HIGHS STAY IN THE 90s: A strong upper ridge across the Southeast will deflect rain-producing systems north of us through the holiday weekend. Strong sinking air associated with the ridge will generally prevent afternoon showers and storms from forming, although we could see a brief shower later today around Muscle Shoals in the northwest corner of the state.
We are forecasting mostly sunny, hot days and fair nights through the Memorial Day weekend. We will be in the low 90s today and Thursday, then mid 90s by Friday and over the weekend. Some places will reach the upper 90s, right at record levels for late May in Alabama.
NEXT WEEK: Hot, dry weather continues Tuesday and Wednesday, but the ridge breaks down later in the week, opening the door for showers Thursday and Friday. No severe storms are expected, and rain amounts probably won’t be too heavy.
YESTERDAY: Birmingham officially reached 90 degrees for the first time this year; the last time the high was at or over 90 was on Oct. 6. Tuscaloosa soared to 94, and tied the record high for May 21.
TROPICS: Andrea was a brief subtropical storm in the Atlantic west of Bermuda; it dissipated yesterday.

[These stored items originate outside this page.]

(* Let $\alpha>0$, $\kappa>1/2$, $\gamma<3/2$ and $\nu\in\mathbb R$. Then for every $C>1$ there exist $a,b\in\mathbb N$ and $\beta\in(0,1)$ such that for every $C_{\mathrm{start}}\ge1$ and every $C_z\in[0,\infty)$ the parameters $$\lambda_n=a^{(b^n)},\quad r_n=C_{\mathrm{start}}(C_z^2+1)\lambda_0^\beta\lambda_n^{-\beta}\ (n\ge0),\qquad \ell_n=\lambda_n^{-1},\quad \mu_n=\sqrt{\lambda_{n-1}\lambda_n}\ (n\ge1)$$ satisfy, for all $n\ge1$: (R1) $\mu_n\le\lambda_n$; (R2) $\ell_n\le1$; (R3) $\lambda_n\in\mathbb N$, $12\lambda_n\le4\mu_{n+1}$, $10\le\mu_n$, $48\lambda_n\le\lambda_{n+1}$; and $$C\big(\mathfrak E^{\mathrm{miss}}_n+\mathfrak E^{\mathrm{com}}_n+\mathfrak E^{\mathrm{time}}_n+\mathfrak E^{\mathrm{dis}}_n+\mathfrak E^{\mathrm{trans}}_n+\mathfrak E^{\mathrm{sto}}_n\big)\le r_n ,$$ where, with $\mathfrak S_{N,\theta}:=\sum_{k=1}^N4^{N-k}\ell_k^{-\theta}r_{k-1}^{1/2}$ (so $\mathfrak S_{0,\theta}=0$), $$\mathfrak E^{\mathrm{miss}}_n=\Big\{\log\mu_n\Big(\tfrac{\lambda_{n-1}}{\mu_n}+\tfrac{\mu_n}{\lambda_n}\Big)^2+\tfrac{\lambda_{n-1}}{\lambda_n}\Big\}r_{n-1},$$ $$\mathfrak E^{\mathrm{com}}_n=\log(\lambda_n)\lambda_{n-1}\ell_n^\alpha\mathfrak S_{n-1,\alpha}\mathfrak S_{n-1,0}+\log(\lambda_n)\lambda_{n-1}^{1/2}\big(\ell_n^\alpha\mathfrak S_{n-1,\alpha}+\lambda_{n-1}^{-\kappa}\mathfrak S_{n-1,0}\big)C_z+\log(\lambda_n)(\ell_n^\alpha+\lambda_{n-1}^{-\kappa})C_z^2,$$ $$\mathfrak E^{\mathrm{time}}_n=\log(\lambda_n)\lambda_n^{-3/2}r_{n-1}^{1/2}\ell_n^{-1},\qquad \mathfrak E^{\mathrm{dis}}_n=\log(\lambda_n)|\nu|\lambda_n^{\gamma-3/2}r_{n-1}^{1/4},$$ $$\mathfrak E^{\mathrm{trans}}_n=\log(\lambda_n)\lambda_{n-1}^{1/2}\lambda_n^{-1/2}r_{n-1}^{1/2}\mathfrak S_{n-1,0},\qquad \mathfrak E^{\mathrm{sto}}_n=\log(\lambda_n)\lambda_n^{-1/2}r_{n-1}^{1/2}C_z.$$ Moreover $b$ can be taken to be any integer with $b>1+1/\alpha$, and $\beta$ can be taken so that $\beta<(\alpha(b-1)-1)/b$.
   Context: All quantities are real numbers; $\log$ is the natural logarithm. No probabilistic content is involved. *)

theory Defs
  imports Complex_Main
begin

definition lam :: "nat \<Rightarrow> nat \<Rightarrow> nat \<Rightarrow> real" where
  "lam a b n = real a ^ (b ^ n)"

definition rr :: "nat \<Rightarrow> nat \<Rightarrow> real \<Rightarrow> real \<Rightarrow> real \<Rightarrow> nat \<Rightarrow> real" where
  "rr a b \<beta> Cs Cz n = Cs * (Cz\<^sup>2 + 1) * lam a b 0 powr \<beta> * lam a b n powr (- \<beta>)"

definition ell :: "nat \<Rightarrow> nat \<Rightarrow> nat \<Rightarrow> real" where
  "ell a b n = inverse (lam a b n)"

definition mu :: "nat \<Rightarrow> nat \<Rightarrow> nat \<Rightarrow> real" where
  "mu a b n = sqrt (lam a b (n - 1) * lam a b n)"

definition SS :: "nat \<Rightarrow> nat \<Rightarrow> real \<Rightarrow> real \<Rightarrow> real \<Rightarrow> nat \<Rightarrow> real \<Rightarrow> real" where
  "SS a b \<beta> Cs Cz N \<theta> =
     (\<Sum>k = 1..N. 4 ^ (N - k) * ell a b k powr (- \<theta>) * sqrt (rr a b \<beta> Cs Cz (k - 1)))"

definition E_miss :: "nat \<Rightarrow> nat \<Rightarrow> real \<Rightarrow> real \<Rightarrow> real \<Rightarrow> nat \<Rightarrow> real" where
  "E_miss a b \<beta> Cs Cz n =
     (ln (mu a b n) * (lam a b (n - 1) / mu a b n + mu a b n / lam a b n)\<^sup>2
       + lam a b (n - 1) / lam a b n) * rr a b \<beta> Cs Cz (n - 1)"

definition E_com :: "real \<Rightarrow> real \<Rightarrow> nat \<Rightarrow> nat \<Rightarrow> real \<Rightarrow> real \<Rightarrow> real \<Rightarrow> nat \<Rightarrow> real" where
  "E_com \<alpha> \<kappa> a b \<beta> Cs Cz n =
     ln (lam a b n) * lam a b (n - 1) * ell a b n powr \<alpha>
        * SS a b \<beta> Cs Cz (n - 1) \<alpha> * SS a b \<beta> Cs Cz (n - 1) 0
   + ln (lam a b n) * sqrt (lam a b (n - 1))
        * (ell a b n powr \<alpha> * SS a b \<beta> Cs Cz (n - 1) \<alpha>
           + lam a b (n - 1) powr (- \<kappa>) * SS a b \<beta> Cs Cz (n - 1) 0) * Cz
   + ln (lam a b n) * (ell a b n powr \<alpha> + lam a b (n - 1) powr (- \<kappa>)) * Cz\<^sup>2"

definition E_time :: "nat \<Rightarrow> nat \<Rightarrow> real \<Rightarrow> real \<Rightarrow> real \<Rightarrow> nat \<Rightarrow> real" where
  "E_time a b \<beta> Cs Cz n =
     ln (lam a b n) * lam a b n powr (- 3 / 2) * sqrt (rr a b \<beta> Cs Cz (n - 1))
       * inverse (ell a b n)"

definition E_dis :: "real \<Rightarrow> real \<Rightarrow> nat \<Rightarrow> nat \<Rightarrow> real \<Rightarrow> real \<Rightarrow> real \<Rightarrow> nat \<Rightarrow> real" where
  "E_dis \<gamma> \<nu> a b \<beta> Cs Cz n =
     ln (lam a b n) * \<bar>\<nu>\<bar> * lam a b n powr (\<gamma> - 3 / 2) * rr a b \<beta> Cs Cz (n - 1) powr (1 / 4)"

definition E_trans :: "nat \<Rightarrow> nat \<Rightarrow> real \<Rightarrow> real \<Rightarrow> real \<Rightarrow> nat \<Rightarrow> real" where
  "E_trans a b \<beta> Cs Cz n =
     ln (lam a b n) * sqrt (lam a b (n - 1)) * lam a b n powr (- 1 / 2)
       * sqrt (rr a b \<beta> Cs Cz (n - 1)) * SS a b \<beta> Cs Cz (n - 1) 0"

The season officially begins June 1. The other names to be used this year are Barry, Chantal, Dorian, Erin, Fernand, Gabrielle, Humberto, Imelda, Jerry, Karen, Lorenzo, Melissa, Nestor, Olga, Pablo, Rebekah, Sebastien, Tanya, Van and Wendy.
ON THIS DATE IN 2011: One of the most devastating tornadoes in the nation’s history directly killed 158 people and injured more than 1,000 in Joplin, Missouri. It reached a maximum width of nearly 1 mile during its path through the southern part of the city. This tornado was unusual in that it intensified in strength and grew larger in size at a very fast rate. The tornado tracked eastward across the city, and then continued eastward across Interstate 44 into rural portions of Jasper County and Newton County. It was the third tornado to strike Joplin since May 1971. The Joplin EF-5 tornado was the first single tornado to result in more than 100 fatalities since the June 8, 1953, Flint, Michigan tornado.